Availability in the Manhattan office market dropped to 9.6 percent in May thanks to a decrease in supply in the Midtown and Downtown submarkets, according to commercial brokerage DTZ’s monthly report.
Midtown office availability dropped to 9.7 percent in May while Downtown availability shrunk to 12.2 percent, trends that were partially offset by an increase in available space, to 6.8 percent, in Midtown South, according to DTZ.
Class A asking rents dipped across all three submarkets to an average of $77.09 per square foot in Manhattan – down nine cents per square foot – while Class B asking rents reached an average of $60.21 per square foot, eclipsing $60 per square foot “for the first time in history,” DTZ said.
The Manhattan office market “remains strong as we approach the mid-year mark,” Richard Persichetti, DTZ’s vice president of research, marketing and consulting, told The Real Deal.
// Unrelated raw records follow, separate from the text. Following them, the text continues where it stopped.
theorem mainTheorem7:
  fixes \<beta> :: real
    and nAi nBi nAf nBf :: nat
    and EAi EBi EAf EBf :: "nat \<Rightarrow> real"
    and PAi PAf :: "nat \<Rightarrow> 'a::finite cmat"
    and PBi PBf :: "nat \<Rightarrow> 'b::finite cmat"
    and UA :: "'a cmat" and UB :: "'b cmat"
    and \<Phi> :: "('a \<times> 'b) cmat \<Rightarrow> ('a \<times> 'b) cmat"
    and \<rho>i \<rho>E \<rho>S :: "('a \<times> 'b) cmat" and lam :: real
    and m :: nat and r :: "nat \<Rightarrow> real"
    and \<rho>A \<tau>A \<tau>Ad \<tau>Ac :: "nat \<Rightarrow> 'a cmat" and aA cA :: "nat \<Rightarrow> real"
    and \<rho>B \<tau>B \<tau>Bd \<tau>Bc :: "nat \<Rightarrow> 'b cmat" and aB cB :: "nat \<Rightarrow> real"
  assumes beta_pos: "0 < \<beta>"
    and specAi: "spectral_decomp nAi EAi PAi" and specBi: "spectral_decomp nBi EBi PBi"
    and specAf: "spectral_decomp nAf EAf PAf" and specBf: "spectral_decomp nBf EBf PBf"
    and channel: "cptp \<Phi>"
    and init_state: "density \<rho>i"
    and BSA: "is_BSA \<rho>i lam \<rho>E \<rho>S"
    and sep_decomp: "(\<forall>j<m. 0 \<le> r j \<and> density (\<rho>A j) \<and> density (\<rho>B j))"
      "(\<Sum>j<m. r j) = 1" "\<rho>S = (\<Sum>j<m. r j *\<^sub>R kron (\<rho>A j) (\<rho>B j))"
    and basisA: "eigenbasis UA nAi PAi" and basisB: "eigenbasis UB nBi PBi"
    and athA: "\<forall>j<m. weight_athermality (gibbs \<beta> nAi EAi PAi) (\<rho>A j) (aA j) (\<tau>A j)"
    and athB: "\<forall>j<m. weight_athermality (gibbs \<beta> nBi EBi PBi) (\<rho>B j) (aB j) (\<tau>B j)"
    and cohA: "\<forall>j<m. weight_coherence UA (\<tau>A j) (cA j) (\<tau>Ad j) (\<tau>Ac j)"
    and cohB: "\<forall>j<m. weight_coherence UB (\<tau>B j) (cB j) (\<tau>Bd j) (\<tau>Bc j)"
  shows
   "let \<gamma>Ai = gibbs \<beta> nAi EAi PAi; \<gamma>Bi = gibbs \<beta> nBi EBi PBi;
        \<gamma>i = kron \<gamma>Ai \<gamma>Bi;
        \<gamma>f = kron (gibbs \<beta> nAf EAf PAf) (gibbs \<beta> nBf EBf PBf);
        \<Delta>F = - (1 / \<beta>) * ln (partition \<beta> nAf EAf PAf * partition \<beta> nBf EBf PBf /
                               (partition \<beta> nAi EAi PAi * partition \<beta> nBi EBi PBi));
        d = real CARD('a \<times> 'b);
        \<rho>d = (\<lambda>j. ((1 - aA j) * aB j * (1 - cB j)) *\<^sub>R kron \<gamma>Ai (\<tau>Bd j)
                 + (aA j * (1 - cA j) * (1 - aB j)) *\<^sub>R kron (\<tau>Ad j) \<gamma>Bi
                 + (aA j * (1 - cA j) * aB j * (1 - cB j)) *\<^sub>R kron (\<tau>Ad j) (\<tau>Bd j));
        \<rho>c = (\<lambda>j. ((1 - aA j) * aB j * cB j) *\<^sub>R kron \<gamma>Ai (\<tau>Bc j)
                 + (aA j * cA j * (1 - aB j)) *\<^sub>R kron (\<tau>Ac j) \<gamma>Bi
                 + (aA j * (1 - cA j) * aB j * cB j) *\<^sub>R kron (\<tau>Ad j) (\<tau>Bc j)
                 + (aA j * cA j * aB j * (1 - cB j)) *\<^sub>R kron (\<tau>Ac j) (\<tau>Bd j)
                 + (aA j * cA j * aB j * cB j) *\<^sub>R kron (\<tau>Ac j) (\<tau>Bc j));
        Ji = complex_of_real lam * trace (matrix_inv \<gamma>i ** \<rho>E)
             + complex_of_real (1 - lam) *
               (\<Sum>j<m. complex_of_real (r j) *
                  (complex_of_real ((1 - aA j) * (1 - aB j) * d)
                   + trace (matrix_inv \<gamma>i ** \<rho>d j) + trace (matrix_inv \<gamma>i ** \<rho>c j)));
        Jf = complex_of_real lam * trace (\<gamma>f ** \<Phi> \<rho>E)
             + complex_of_real (1 - lam) *
               (\<Sum>j<m. complex_of_real (r j) *
                  (complex_of_real ((1 - aA j) * (1 - aB j)) * trace (\<gamma>f ** \<Phi> \<gamma>i)
                   + trace (\<gamma>f ** \<Phi> (\<rho>d j)) + trace (\<gamma>f ** \<Phi> (\<rho>c j))))
    in epm_avg \<rho>i \<Phi> nAi EAi PAi nBi EBi PBi nAf EAf PAf nBf EBf PBf
         (\<lambda>x. exp (- \<beta> * (x - \<Delta>F))) = Ji * Jf"
  unfolding Let_def
proof (rule epm_avg_exp_mixture[where w = "\<lambda>j. (1 - aA j) * (1 - aB j)" and \<sigma> = "\<lambda>j. kron (\<rho>A j) (\<rho>B j)"])
  show "\<beta> \<noteq> 0" using beta_pos by simp
  show "linear \<Phi>" using channel by (rule cptp_linear)
  show "\<rho>i = lam *\<^sub>R \<rho>E + (1 - lam) *\<^sub>R (\<Sum>j<m. r j *\<^sub>R kron (\<rho>A j) (\<rho>B j))"
    using BSA sep_decomp(3) by (simp add: is_BSA_def)
qed (use specAi specBi specAf specBf athA athB cohA cohB in
      \<open>auto simp: weight_athermality_def weight_coherence_def intro!: kron_mixture_expand\<close>)
lemma ideal_add: "two_sided_ideal I \<Longrightarrow> x \<in> I \<Longrightarrow> y \<in> I \<Longrightarrow> x + y \<in> I"
  unfolding two_sided_ideal_def by blast

lemma ideal_diff: "two_sided_ideal I \<Longrightarrow> x \<in> I \<Longrightarrow> y \<in> I \<Longrightarrow> x - y \<in> I"
  unfolding two_sided_ideal_def by (metis diff_conv_add_uminus)

lemma ideal_lmult: "two_sided_ideal I \<Longrightarrow> x \<in> I \<Longrightarrow> r * x \<in> I"
  unfolding two_sided_ideal_def by blast

lemma ideal_rmult: "two_sided_ideal I \<Longrightarrow> x \<in> I \<Longrightarrow> x * r \<in> I"
  unfolding two_sided_ideal_def by blast

lemma left_ideal_eq_UNIV: "left_ideal I \<Longrightarrow> 1 \<in> I \<Longrightarrow> I = UNIV"
  unfolding left_ideal_def by (metis UNIV_eq_I mult.right_neutral)

lemma ideal_eq_UNIV: "two_sided_ideal I \<Longrightarrow> 1 \<in> I \<Longrightarrow> I = UNIV"
  by (rule left_ideal_eq_UNIV[OF two_sided_ideal_imp_left_ideal])

lemma left_ideal_sum:
  assumes "left_ideal I" "finite A" "\<And>i. i \<in> A \<Longrightarrow> f i \<in> I"
  shows "sum f A \<in> I"
  using assms(2,3)
proof (induction A rule: finite_induct)
  case empty then show ?case using assms(1) by (simp add: left_ideal_def)
next
  case (insert i A) then show ?case using assms(1) by (simp add: left_ideal_def)
qed
lemma h_shape_insert:
  assumes n: "n \<ge> 2" "y < n" and A: "y \<notin> A" "(y + 1) mod n \<notin> A" and G: "h_shape n A G"
  shows "h_shape n (insert y A) (sgen n y \<circ> G)"
proof -
  let ?s = "sgen n y"
  have ins: "res_in n (insert y A) c \<longleftrightarrow> res_in n A c \<or> c mod int n = int y" for c
    using res_in_insert[of n y A c] n by simp
  have succ_y: "\<not> res_in n A c" if "(c - 1) mod int n = int y" for c
    using res_in_succ[of n A "c - 1"] that n A(2) by simp
  have down: "(?s \<circ> G) p = p - 1" if p: "res_in n (insert y A) (p - 1)" for p
  proof (cases "res_in n A (p - 1)")
    case True
    then show ?thesis
      using G sgen_fixes_res_in[OF n A] unfolding h_shape_def by simp
  next
    case False
    then have py: "(p - 1) mod int n = int y"
      using p ins by blast
    have "G p = p"
      using G False succ_y[OF py] unfolding h_shape_def by (metis order.order_iff_strict)
    moreover have "p mod int n \<noteq> int y"
      using mod_add_one_neq[OF n(1), of "p - 1"] py by simp
    ultimately show ?thesis
      using py by (simp add: sgen_eq[OF n])
  qed
  have up: "p \<le> (?s \<circ> G) p \<and> \<not> res_in n (insert y A) ((?s \<circ> G) p) \<and>
      (\<forall>c. p \<le> c \<and> c < (?s \<circ> G) p \<longrightarrow> res_in n (insert y A) c)"
    if p: "\<not> res_in n (insert y A) (p - 1)" for p
  proof -
    have pA: "\<not> res_in n A (p - 1)" and py: "(p - 1) mod int n \<noteq> int y"
      using p ins by auto
    define q where "q = G p"
    have q: "p \<le> q" "\<not> res_in n A q" "\<forall>c. p \<le> c \<and> c < q \<longrightarrow> res_in n A c"
      using G pA unfolding h_shape_def q_def by auto
    consider "q mod int n = int y" | "(q - 1) mod int n = int y" | "q mod int n \<noteq> int y" "(q - 1) mod int n \<noteq> int y"
      by blast
    then have "p \<le> ?s q \<and> \<not> res_in n (insert y A) (?s q) \<and>
        (\<forall>c. p \<le> c \<and> c < ?s q \<longrightarrow> res_in n (insert y A) c)"
    proof cases
      case 1
      then have "?s q = q + 1"
        by (simp add: sgen_eq[OF n])
      moreover have "\<not> res_in n (insert y A) (q + 1)"
        using succ_y[of "q + 1"] mod_add_one_neq[OF n(1), of q] 1 ins by auto
      moreover have "res_in n (insert y A) c" if "p \<le> c" "c < q + 1" for c
        using q(3) 1 ins that by (cases "c = q") auto
      ultimately show ?thesis
        using q(1) by simp
    next
      case 2
      then have "q \<noteq> p"
        using py by auto
      then have "res_in n A (q - 1)"
        using q by auto
      with 2 show ?thesis
        using A(1) by (auto simp: res_in_def)
    next
      case 3
      then show ?thesis
        using q ins by (simp add: sgen_eq[OF n])
    qed
    then show ?thesis
      unfolding q_def by simp
  qed
  show ?thesis
    unfolding h_shape_def using down up by blast
qed
definition analytic_set :: "(complex^'n) set \<Rightarrow> bool" where
  "analytic_set X \<longleftrightarrow> (\<forall>z\<in>X. \<exists>U k (f :: nat \<Rightarrow> complex^'n \<Rightarrow> complex).
      open U \<and> z \<in> U \<and> (\<forall>i<k. holo_on U (f i)) \<and> X \<inter> U = {y\<in>U. \<forall>i<k. f i y = 0})"

definition germ_eq :: "(complex^'n) set \<Rightarrow> complex^'n \<Rightarrow> (complex^'n \<Rightarrow> 'b) \<Rightarrow> (complex^'n \<Rightarrow> 'b) \<Rightarrow> bool" where
  "germ_eq X x0 f g \<longleftrightarrow> (\<exists>U. open U \<and> x0 \<in> U \<and> (\<forall>y\<in>X \<inter> U. f y = g y))"

text \<open>Representatives of germs in the stalk O_{X,x0}.\<close>
definition OX :: "(complex^'n) set \<Rightarrow> complex^'n \<Rightarrow> (complex^'n \<Rightarrow> complex) set" where
  "OX X x0 = {f. \<exists>U g. open U \<and> x0 \<in> U \<and> holo_on U g \<and> (\<forall>y\<in>X \<inter> U. f y = g y)}"

definition OXp :: "(complex^'n) set \<Rightarrow> complex^'n \<Rightarrow> (complex^'n \<Rightarrow> complex^'p) set" where
  "OXp X x0 = {h. \<forall>j. (\<lambda>y. h y $ j) \<in> OX X x0}"
(* Let $\mathcal a>1$, $\mathcal b>0$, $1<\mathcal c<\tfrac32$, $t_0>0$, $\beta,\beta_0>0$, and let $f\in C^2([t_0,t_m))$ be the solution of $$f''+\frac{\mathcal a}{t}f'-\frac{\mathcal b}{t^2}f(1+f)-\frac{\mathcal c(f')^2}{1+f}=0,\qquad f(t_0)=\beta,\ f'(t_0)=\beta_0,$$ on its maximal interval of existence $[t_0,t_m)$. Let $\theta\ge1$ and $A>0$ with $A\theta<\frac{2\mathcal b}{3-2\mathcal c}$, let $g(t)=\exp\big(-A\int_{t_0}^t\frac{f(s)(1+f(s))}{s^2f'(s)}ds\big)$ and $\eta_\theta(t):=\frac{1}{g(t)^\theta(1+f(t))}$. Then $\eta_\theta\in C^1([t_0,t_m))$, there is $C_\star>0$ with $0<\eta_\theta(t)\le C_\star$ for all $t\in[t_0,t_m)$, and $\lim_{t\to t_m}\eta_\theta(t)=0$ (so $\eta_\theta$ extends continuously to $[t_0,t_m]$ with $\eta_\theta(t_m)=0$).
   Context: It is known (from prior work) that $t_m\in(t_0,\infty]$, $f>0$, $f'>0$ on $[t_0,t_m)$, $f(t),f'(t)\to+\infty$ as $t\to t_m$, and, if $t_m=\infty$, $1+f(t)>\exp(\mathtt C t^{(\bar{\mathcal a}+\triangle)/2}+\mathtt D t^{-1})$ with $\mathtt C>0$, $\triangle=\sqrt{(1-\mathcal a)^2+4\mathcal b}$, $\bar{\mathcal a}=1-\mathcal a$; and that $\chi(t)=\frac{t^{2-\mathcal a}f'(t)}{(1+f(t))^{2-\mathcal c}f(t)g(t)^{\mathcal b/A}}$ is bounded on $[t_0,t_m)$. *)

theory Defs
  imports "HOL-Analysis.Analysis" "HOL-Library.Extended_Real"
begin

definition ivl :: "real \<Rightarrow> ereal \<Rightarrow> real set" where
  "ivl t0 tm = {t. t0 \<le> t \<and> ereal t < tm}"

definition ode_sol ::
  "real \<Rightarrow> real \<Rightarrow> real \<Rightarrow> real \<Rightarrow> real \<Rightarrow> real \<Rightarrow> real set \<Rightarrow> (real \<Rightarrow> real) \<Rightarrow> bool" where
  "ode_sol a b c t0 \<beta> \<beta>0 T h \<longleftrightarrow>
     (\<exists>h1 h2. (\<forall>t\<in>T. (h has_real_derivative h1 t) (at t within T)
                  \<and> (h1 has_real_derivative h2 t) (at t within T)
                  \<and> h2 t + a / t * h1 t - b / t\<^sup>2 * h t * (1 + h t)
                       - c * (h1 t)\<^sup>2 / (1 + h t) = 0)
       \<and> continuous_on T h2 \<and> h t0 = \<beta> \<and> h1 t0 = \<beta>0)"

definition to_tm :: "ereal \<Rightarrow> real filter" where
  "to_tm tm = (if tm = \<infinity> then at_top else at_left (real_of_ereal tm))"

end

theory Submission
  imports Defs
begin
“The increase in available supply in Midtown South only creates more opportunities for tenants in one of the most sought-after markets in the country,” he added, predicting that available supply in Midtown and Downtown would decrease further over the rest of the year.
DTZ noted that the market “continued to chip away” at 2.3 million square feet of negative absorption posted in January, having posted around 1 million square feet of positive absorption through May since the start of the year.
The Midtown market “has recovered almost all” of nearly 1 million square feet of space brought to the market at the start of the year.
The Downtown market inked only one leasing transaction greater than 100,000 square feet through the first five months of the year, DTZ added, compared to six such deals through the same period last year. The firm noted that 75 percent of Downtown’s leasing activity has come from leases under 20,000 square feet, compared to 70 percent last year.
DTZ acquired rival brokerage Cushman & Wakefield in a $2 billion deal last month, with Cushman’s Ron Lo Russo set to head the combined company’s New York office.